▶ TASK GOAL
As the answer, set down the lines below from the one containing "using \<open>0 < n\<close>" through the one containing "using assms by (simp add: mult_le_cancel_right1)", exactly and inclusively, and no others.

▶ GIVEN ENTRIES

lemma exp_fixed_point_gt_one_exists:
  fixes lam :: real
  assumes "0 < lam" "lam < exp (-1)"
  obtains x where "lam * exp x = x" "1 < x"
proof -
  define X where "X = 4 / lam + 1"
  have "lam * exp 1 < exp (-1) * exp 1"
    using assms by simp
  then have at_1: "lam * exp 1 - 1 < 0"
    by (simp flip: exp_add)
  have "1 \<le> X"
    using assms by (simp add: X_def)
  have "X\<^sup>2 / 4 \<le> (1 + X / 2)\<^sup>2"
    using \<open>1 \<le> X\<close> by (simp add: power2_eq_square field_simps)
  also have "\<dots> \<le> (exp (X / 2))\<^sup>2"
    using exp_ge_add_one_self[of "X / 2"] \<open>1 \<le> X\<close> by (intro power_mono) auto
  also have "\<dots> = exp X"
    by (simp add: power2_eq_square flip: exp_add)
  finally have "lam * (X\<^sup>2 / 4) \<le> lam * exp X"
    using assms by simp
  moreover have "4 \<le> lam * X"
    using assms by (simp add: X_def field_simps)
  then have "X \<le> lam * (X\<^sup>2 / 4)"
    using \<open>1 \<le> X\<close> by (simp add: power2_eq_square)
  ultimately have at_X: "0 \<le> lam * exp X - X"
    by linarith
  have "continuous_on {1..X} (\<lambda>x. lam * exp x - x)"
    by (intro continuous_intros)
  then obtain x where "1 \<le> x" "lam * exp x - x = 0"
    using IVT'[of "\<lambda>x. lam * exp x - x" 1 0 X] at_1 at_X \<open>1 \<le> X\<close> by auto
  moreover have "x \<noteq> 1"
    using at_1 \<open>lam * exp x - x = 0\<close> by auto
  ultimately show ?thesis
    using that by simp
qed

lemma beta_fp:
  assumes "0 < lam" "lam < exp (-1)"
  shows "lam * exp (beta_fp lam) = beta_fp lam" "1 < beta_fp lam"
proof -
  obtain b where b: "lam * exp b = b" "1 < b"
    using exp_fixed_point_gt_one_exists[OF assms] .
  have "beta_fp lam = b"
    unfolding beta_fp_def
  proof (rule the_equality)
    fix x assume x: "lam * exp x = x \<and> \<bar>lam * exp x\<bar> > 1"
    moreover have "0 < lam * exp x"
      using assms by simp
    ultimately show "x = b"
      using exp_fixed_point_gt_one_unique[OF \<open>0 < lam\<close> _ _ b] by auto
  qed (use b in simp)
  with b show "lam * exp (beta_fp lam) = beta_fp lam" "1 < beta_fp lam"
    by simp_all
qed

lemma tendsto_exp_minus_one_over:
  fixes u :: "'a \<Rightarrow> complex"
  assumes "filterlim u (at 0) F"
  shows "((\<lambda>x. (exp (u x) - 1) / u x) \<longlongrightarrow> 1) F"
proof -
  have "((\<lambda>w. (exp w - 1) / w) \<longlongrightarrow> 1) (at (0::complex))"
    using DERIV_exp[of 0] by (simp add: has_field_derivative_iff)
  from filterlim_compose[OF this assms] show ?thesis .
qed

lemma Schroeder_zero_order:
  fixes D g F :: "complex \<Rightarrow> complex"
  assumes "0 < n" "0 < s" "c \<noteq> 0"
    and factor: "\<And>w. w \<in> ball 0 s \<Longrightarrow> D w = w ^ n * g w \<and> g w \<noteq> 0"
    and "isCont g 0" and "(F \<longlongrightarrow> c') (at 0)"
    and eq: "\<And>z. D (c * z) = F z * (exp (D z) - 1)"
  shows "c ^ n = c'"
proof -
  define u where "u z = z ^ n * g z" for z
  have "(u \<longlongrightarrow> 0) (at 0)"
    using \<open>isCont g 0\<close> \<open>0 < n\<close> unfolding u_def isCont_def by (auto intro!: tendsto_eq_intros)
  moreover have "\<forall>\<^sub>F z in at 0. u z \<noteq> 0"
    unfolding eventually_at using \<open>0 < s\<close> factor by (auto simp: u_def intro!: exI[of _ s])
  ultimately have u: "filterlim u (at 0) (at 0)"
    by (rule filterlim_atI)
  have "\<forall>\<^sub>F z in at 0. F z * ((exp (u z) - 1) / u z) * g z = c ^ n * g (c * z)"
    unfolding eventually_at
  proof (intro exI[of _ "min s (s / norm c)"] conjI ballI impI)
    fix z :: complex assume z: "z \<noteq> 0 \<and> dist z 0 < min s (s / norm c)"
    then have "z \<in> ball 0 s" "c * z \<in> ball 0 s"
      using \<open>c \<noteq> 0\<close> by (auto simp: norm_mult field_simps)
    then have "(c * z) ^ n * g (c * z) = F z * (exp (u z) - 1)" "g z \<noteq> 0"
      using eq[of z] factor by (auto simp: u_def)
    then have "F z * ((exp (u z) - 1) / u z) * g z = (c * z) ^ n * g (c * z) / z ^ n"
      by (simp add: u_def)
    then show "F z * ((exp (u z) - 1) / u z) * g z = c ^ n * g (c * z)"
      using z by (simp add: power_mult_distrib)
  qed (use \<open>0 < s\<close> \<open>c \<noteq> 0\<close> in simp)
  moreover have "((\<lambda>z. F z * ((exp (u z) - 1) / u z) * g z) \<longlongrightarrow> c' * 1 * g 0) (at 0)"
    using tendsto_exp_minus_one_over[OF u] assms(5,6) unfolding isCont_def by (intro tendsto_intros)
  ultimately have "((\<lambda>z. c ^ n * g (c * z)) \<longlongrightarrow> c' * g 0) (at 0)"
    by (simp add: Lim_transform_eventually)
  moreover have "((\<lambda>z. c * z) \<longlongrightarrow> 0) (at (0::complex))"
    by (intro tendsto_mult_right_zero tendsto_ident_at)
  then have "((\<lambda>z. c ^ n * g (c * z)) \<longlongrightarrow> c ^ n * g 0) (at 0)"
    using \<open>isCont g 0\<close> by (intro tendsto_intros isCont_tendsto_compose[of 0 g])
  ultimately have "c' * g 0 = c ^ n * g 0"
    by (rule tendsto_unique[OF at_neq_bot])
  then show ?thesis
    using factor[of 0] \<open>0 < s\<close> by simp
qed

lemma Schroeder_equation_eq_0:
  fixes D F :: "complex \<Rightarrow> complex"
  assumes holo: "D holomorphic_on UNIV" and "D 0 = 0" and D': "(D has_field_derivative 0) (at 0)"
    and F: "(F \<longlongrightarrow> c) (at 0)" and "1 < norm c"
    and eq: "\<And>z. D (c * z) = F z * (exp (D z) - 1)"
  shows "D z = 0"
proof (cases "D constant_on UNIV")
  case True
  then show ?thesis
    using \<open>D 0 = 0\<close> unfolding constant_on_def by auto
next
  case False
  obtain g s n where "0 < n" "0 < s" and g_holo: "g holomorphic_on ball 0 s"
    and "\<And>w. w \<in> ball 0 s \<Longrightarrow> D w = (w - 0) ^ n * g w" "\<And>w. w \<in> ball 0 s \<Longrightarrow> g w \<noteq> 0"
    by (rule holomorphic_factor_zero_nonconstant[OF holo open_UNIV connected_UNIV UNIV_I \<open>D 0 = 0\<close> False]) blast
  then have factor: "\<And>w. w \<in> ball 0 s \<Longrightarrow> D w = w ^ n * g w \<and> g w \<noteq> 0"
    by simp
  have "0 \<in> ball (0::complex) s"
    using \<open>0 < s\<close> by simp
  then have g: "isCont g 0" "g field_differentiable at 0"
    using holomorphic_on_imp_continuous_on[OF g_holo] holomorphic_on_imp_differentiable_at[OF g_holo]
    by (simp_all add: continuous_on_eq_continuous_at)
  have "n \<noteq> 1"
  proof
    assume "n = 1"
    have "((\<lambda>w. w ^ 1 * g w) has_field_derivative g 0) (at 0)"
      using g(2) unfolding field_differentiable_def by (auto intro!: derivative_eq_intros)
    then have "((\<lambda>w. w ^ n * g w) has_field_derivative g 0) (at 0)"
      using \<open>n = 1\<close> by simp
    then have "(D has_field_derivative g 0) (at 0)"
      by (rule has_field_derivative_transform_within_open[of _ _ _ "ball 0 s"]) (use \<open>0 < s\<close> factor in auto)
    then show False
      using DERIV_unique[OF D'] factor[of 0] \<open>0 < s\<close> by auto
  qed
  have "c \<noteq> 0"
    using \<open>1 < norm c\<close> by auto
  then have "c ^ n = c"
    using Schroeder_zero_order[OF \<open>0 < n\<close> \<open>0 < s\<close> _ _ g(1) F eq] factor by simp
  then have "norm c ^ n = norm c ^ 1"
    by (metis norm_power power_one_right)
  moreover have "norm c ^ 1 < norm c ^ n"
    using \<open>0 < n\<close> \<open>n \<noteq> 1\<close> \<open>1 < norm c\<close> by (intro power_strict_increasing) auto
  ultimately show ?thesis
    by simp
qed

section \<open>The linearizer of \<lambda> e^z\<close>

lemma exp_minus_id_mono:
  fixes lam a y :: real
  assumes "0 < lam" "1 \<le> lam * exp a" "a \<le> y"
  shows "lam * exp a - a \<le> lam * exp y - y"
proof -
  have "lam * exp a * (1 + (y - a)) \<le> lam * exp a * exp (y - a)"
    using assms exp_ge_add_one_self[of "y - a"] by (intro mult_left_mono) auto
  moreover have "y - a \<le> lam * exp a * (y - a)"
    using assms by (simp add: mult_le_cancel_right1)
  then have "lam * exp a + (y - a) \<le> lam * exp a * (1 + (y - a))"
    by (simp add: distrib_left)
  ultimately show ?thesis
    by (simp add: mult.assoc flip: exp_add)
qed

▶ TASK RESPONSE
    using \<open>0 < n\<close> \<open>n \<noteq> 1\<close> \<open>1 < norm c\<close> by (intro power_strict_increasing) auto
  ultimately show ?thesis
    by simp
qed

section \<open>The linearizer of \<lambda> e^z\<close>

lemma exp_minus_id_mono:
  fixes lam a y :: real
  assumes "0 < lam" "1 \<le> lam * exp a" "a \<le> y"
  shows "lam * exp a - a \<le> lam * exp y - y"
proof -
  have "lam * exp a * (1 + (y - a)) \<le> lam * exp a * exp (y - a)"
    using assms exp_ge_add_one_self[of "y - a"] by (intro mult_left_mono) auto
  moreover have "y - a \<le> lam * exp a * (y - a)"
    using assms by (simp add: mult_le_cancel_right1)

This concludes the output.